• The task: Scanning the entries below, copy every line that contains the word "definition".

─── Records supplied

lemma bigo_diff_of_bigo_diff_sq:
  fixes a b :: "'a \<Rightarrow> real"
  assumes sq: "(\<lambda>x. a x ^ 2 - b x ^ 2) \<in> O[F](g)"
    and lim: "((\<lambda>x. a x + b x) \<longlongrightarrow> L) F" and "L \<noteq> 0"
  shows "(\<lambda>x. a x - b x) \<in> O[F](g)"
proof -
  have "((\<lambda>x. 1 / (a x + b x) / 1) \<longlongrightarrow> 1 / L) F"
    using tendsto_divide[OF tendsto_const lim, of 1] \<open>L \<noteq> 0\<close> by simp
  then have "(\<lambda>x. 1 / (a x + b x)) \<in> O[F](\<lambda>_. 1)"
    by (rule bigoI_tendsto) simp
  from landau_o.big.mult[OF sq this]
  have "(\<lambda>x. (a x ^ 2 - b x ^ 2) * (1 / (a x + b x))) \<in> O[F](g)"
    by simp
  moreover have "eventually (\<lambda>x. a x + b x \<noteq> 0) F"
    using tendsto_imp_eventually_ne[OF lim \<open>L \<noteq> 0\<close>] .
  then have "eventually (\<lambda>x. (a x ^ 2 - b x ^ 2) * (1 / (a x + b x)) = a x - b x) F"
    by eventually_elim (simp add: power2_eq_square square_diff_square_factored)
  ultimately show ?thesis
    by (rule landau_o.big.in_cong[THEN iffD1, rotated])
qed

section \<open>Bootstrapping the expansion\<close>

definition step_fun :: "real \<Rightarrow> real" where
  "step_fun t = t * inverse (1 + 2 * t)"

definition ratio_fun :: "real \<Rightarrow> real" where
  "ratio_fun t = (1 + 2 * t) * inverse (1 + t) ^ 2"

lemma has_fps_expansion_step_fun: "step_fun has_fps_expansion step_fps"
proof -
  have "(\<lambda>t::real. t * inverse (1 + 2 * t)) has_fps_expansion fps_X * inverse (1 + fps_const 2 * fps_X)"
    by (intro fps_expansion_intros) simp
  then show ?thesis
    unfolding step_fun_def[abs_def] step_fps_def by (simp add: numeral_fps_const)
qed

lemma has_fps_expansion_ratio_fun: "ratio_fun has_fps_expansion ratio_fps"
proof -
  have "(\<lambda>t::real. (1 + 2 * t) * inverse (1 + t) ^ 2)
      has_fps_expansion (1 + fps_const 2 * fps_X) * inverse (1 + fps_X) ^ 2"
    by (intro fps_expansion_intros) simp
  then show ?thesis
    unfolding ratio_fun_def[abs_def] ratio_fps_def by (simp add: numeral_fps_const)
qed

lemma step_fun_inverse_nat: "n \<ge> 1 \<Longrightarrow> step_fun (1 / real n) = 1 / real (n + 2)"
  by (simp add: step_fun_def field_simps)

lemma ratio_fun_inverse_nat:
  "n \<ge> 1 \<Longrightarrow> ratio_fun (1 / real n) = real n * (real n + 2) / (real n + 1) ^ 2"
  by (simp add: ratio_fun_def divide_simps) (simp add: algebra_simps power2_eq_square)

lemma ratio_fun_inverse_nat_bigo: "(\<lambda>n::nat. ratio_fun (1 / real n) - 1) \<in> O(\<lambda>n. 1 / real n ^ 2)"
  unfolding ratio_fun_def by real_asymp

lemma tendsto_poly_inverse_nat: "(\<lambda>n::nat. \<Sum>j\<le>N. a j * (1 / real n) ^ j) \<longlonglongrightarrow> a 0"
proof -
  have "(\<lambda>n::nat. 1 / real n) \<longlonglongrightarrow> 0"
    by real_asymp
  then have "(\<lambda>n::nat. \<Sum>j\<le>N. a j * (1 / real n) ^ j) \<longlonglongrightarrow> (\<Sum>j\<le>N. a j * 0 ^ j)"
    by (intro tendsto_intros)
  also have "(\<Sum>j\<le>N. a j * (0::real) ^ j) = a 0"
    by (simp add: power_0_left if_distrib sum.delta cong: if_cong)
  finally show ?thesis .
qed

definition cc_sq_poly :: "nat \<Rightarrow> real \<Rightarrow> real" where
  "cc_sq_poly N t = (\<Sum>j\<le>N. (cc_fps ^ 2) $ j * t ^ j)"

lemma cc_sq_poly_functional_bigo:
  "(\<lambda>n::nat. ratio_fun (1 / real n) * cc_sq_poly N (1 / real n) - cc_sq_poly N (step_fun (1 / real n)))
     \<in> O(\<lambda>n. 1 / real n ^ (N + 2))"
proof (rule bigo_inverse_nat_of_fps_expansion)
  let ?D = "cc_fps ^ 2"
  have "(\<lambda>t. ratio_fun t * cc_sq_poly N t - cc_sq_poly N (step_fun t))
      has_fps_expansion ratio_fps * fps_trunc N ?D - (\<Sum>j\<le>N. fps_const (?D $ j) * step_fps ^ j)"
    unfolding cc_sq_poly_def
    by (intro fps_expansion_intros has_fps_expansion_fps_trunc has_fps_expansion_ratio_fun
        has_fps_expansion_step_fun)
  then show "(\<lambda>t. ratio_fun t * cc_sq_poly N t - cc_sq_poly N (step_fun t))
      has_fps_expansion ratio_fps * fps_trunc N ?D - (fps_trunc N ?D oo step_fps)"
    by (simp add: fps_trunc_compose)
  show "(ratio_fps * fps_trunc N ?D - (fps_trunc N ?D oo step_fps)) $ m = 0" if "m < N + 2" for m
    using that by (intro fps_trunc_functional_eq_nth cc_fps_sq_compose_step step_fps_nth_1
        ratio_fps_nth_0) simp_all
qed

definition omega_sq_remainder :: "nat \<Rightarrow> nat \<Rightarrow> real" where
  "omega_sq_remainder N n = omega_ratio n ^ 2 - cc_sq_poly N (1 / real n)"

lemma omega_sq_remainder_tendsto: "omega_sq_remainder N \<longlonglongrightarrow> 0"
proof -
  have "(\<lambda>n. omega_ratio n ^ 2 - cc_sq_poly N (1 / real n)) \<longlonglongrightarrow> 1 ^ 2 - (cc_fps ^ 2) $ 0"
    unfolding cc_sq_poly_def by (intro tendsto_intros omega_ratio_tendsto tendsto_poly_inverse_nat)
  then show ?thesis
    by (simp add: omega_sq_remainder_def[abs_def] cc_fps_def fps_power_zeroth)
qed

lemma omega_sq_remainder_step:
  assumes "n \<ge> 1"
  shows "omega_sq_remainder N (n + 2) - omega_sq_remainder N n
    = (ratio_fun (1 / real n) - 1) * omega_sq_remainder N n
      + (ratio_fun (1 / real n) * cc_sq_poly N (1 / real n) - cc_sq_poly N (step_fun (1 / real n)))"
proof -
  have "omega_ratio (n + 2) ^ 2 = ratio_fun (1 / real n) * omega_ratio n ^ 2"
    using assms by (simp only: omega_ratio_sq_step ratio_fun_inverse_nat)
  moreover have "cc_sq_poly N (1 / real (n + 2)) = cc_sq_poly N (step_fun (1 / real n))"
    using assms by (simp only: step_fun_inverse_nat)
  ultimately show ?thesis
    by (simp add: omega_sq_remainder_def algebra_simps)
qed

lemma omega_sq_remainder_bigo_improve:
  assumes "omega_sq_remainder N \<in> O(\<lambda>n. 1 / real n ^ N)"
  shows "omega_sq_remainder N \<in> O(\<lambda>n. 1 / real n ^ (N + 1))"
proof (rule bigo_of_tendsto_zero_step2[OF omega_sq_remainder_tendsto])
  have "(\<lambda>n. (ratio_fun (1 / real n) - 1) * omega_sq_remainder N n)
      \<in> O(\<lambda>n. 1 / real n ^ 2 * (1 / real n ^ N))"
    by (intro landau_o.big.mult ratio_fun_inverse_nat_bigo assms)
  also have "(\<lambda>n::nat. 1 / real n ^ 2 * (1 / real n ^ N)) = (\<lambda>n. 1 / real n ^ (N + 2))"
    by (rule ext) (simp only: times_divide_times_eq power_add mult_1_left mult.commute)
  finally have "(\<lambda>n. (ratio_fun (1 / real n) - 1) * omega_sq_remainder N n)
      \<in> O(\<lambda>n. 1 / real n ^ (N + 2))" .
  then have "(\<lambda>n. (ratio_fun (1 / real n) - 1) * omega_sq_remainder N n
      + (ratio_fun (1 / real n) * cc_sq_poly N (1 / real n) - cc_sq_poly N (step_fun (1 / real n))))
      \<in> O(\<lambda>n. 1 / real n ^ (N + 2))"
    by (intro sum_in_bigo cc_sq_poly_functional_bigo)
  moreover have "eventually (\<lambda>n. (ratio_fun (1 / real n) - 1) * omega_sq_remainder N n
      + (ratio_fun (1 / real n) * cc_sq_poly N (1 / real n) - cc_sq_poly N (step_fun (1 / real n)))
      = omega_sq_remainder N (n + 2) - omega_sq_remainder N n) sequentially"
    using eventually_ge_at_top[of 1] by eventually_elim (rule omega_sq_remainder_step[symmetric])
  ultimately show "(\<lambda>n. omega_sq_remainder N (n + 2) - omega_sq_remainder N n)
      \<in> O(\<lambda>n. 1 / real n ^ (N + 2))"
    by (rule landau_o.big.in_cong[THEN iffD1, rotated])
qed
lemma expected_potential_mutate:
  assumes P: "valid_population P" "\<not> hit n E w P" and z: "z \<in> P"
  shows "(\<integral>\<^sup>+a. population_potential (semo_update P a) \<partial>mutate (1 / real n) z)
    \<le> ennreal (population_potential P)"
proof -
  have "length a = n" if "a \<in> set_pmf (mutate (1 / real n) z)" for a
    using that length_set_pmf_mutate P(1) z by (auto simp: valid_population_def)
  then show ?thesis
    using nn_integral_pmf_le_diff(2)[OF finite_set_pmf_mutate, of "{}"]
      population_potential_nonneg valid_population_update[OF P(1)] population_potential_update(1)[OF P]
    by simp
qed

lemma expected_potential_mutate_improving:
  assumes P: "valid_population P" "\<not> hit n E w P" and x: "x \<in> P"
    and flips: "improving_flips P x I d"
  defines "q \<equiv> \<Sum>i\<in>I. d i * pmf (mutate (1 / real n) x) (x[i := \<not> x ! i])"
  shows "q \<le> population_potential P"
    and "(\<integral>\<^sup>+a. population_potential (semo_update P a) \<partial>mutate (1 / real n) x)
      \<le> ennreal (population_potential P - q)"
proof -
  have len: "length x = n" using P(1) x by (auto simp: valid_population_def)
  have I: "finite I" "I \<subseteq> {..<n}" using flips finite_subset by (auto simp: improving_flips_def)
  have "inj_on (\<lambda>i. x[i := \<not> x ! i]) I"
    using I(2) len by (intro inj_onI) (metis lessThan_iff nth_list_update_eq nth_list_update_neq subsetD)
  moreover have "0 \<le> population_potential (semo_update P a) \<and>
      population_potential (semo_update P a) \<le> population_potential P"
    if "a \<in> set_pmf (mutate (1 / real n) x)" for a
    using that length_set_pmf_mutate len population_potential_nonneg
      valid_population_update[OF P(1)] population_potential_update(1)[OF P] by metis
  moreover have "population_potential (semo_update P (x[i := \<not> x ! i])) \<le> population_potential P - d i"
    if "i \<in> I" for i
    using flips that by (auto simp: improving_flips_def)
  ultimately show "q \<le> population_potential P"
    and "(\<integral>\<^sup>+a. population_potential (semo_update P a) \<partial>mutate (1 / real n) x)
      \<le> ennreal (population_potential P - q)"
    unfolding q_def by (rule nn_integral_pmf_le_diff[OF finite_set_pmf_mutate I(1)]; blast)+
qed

──────

• Response below:
definition step_fun :: "real \<Rightarrow> real" where
definition ratio_fun :: "real \<Rightarrow> real" where
definition cc_sq_poly :: "nat \<Rightarrow> real \<Rightarrow> real" where
definition omega_sq_remainder :: "nat \<Rightarrow> nat \<Rightarrow> real" where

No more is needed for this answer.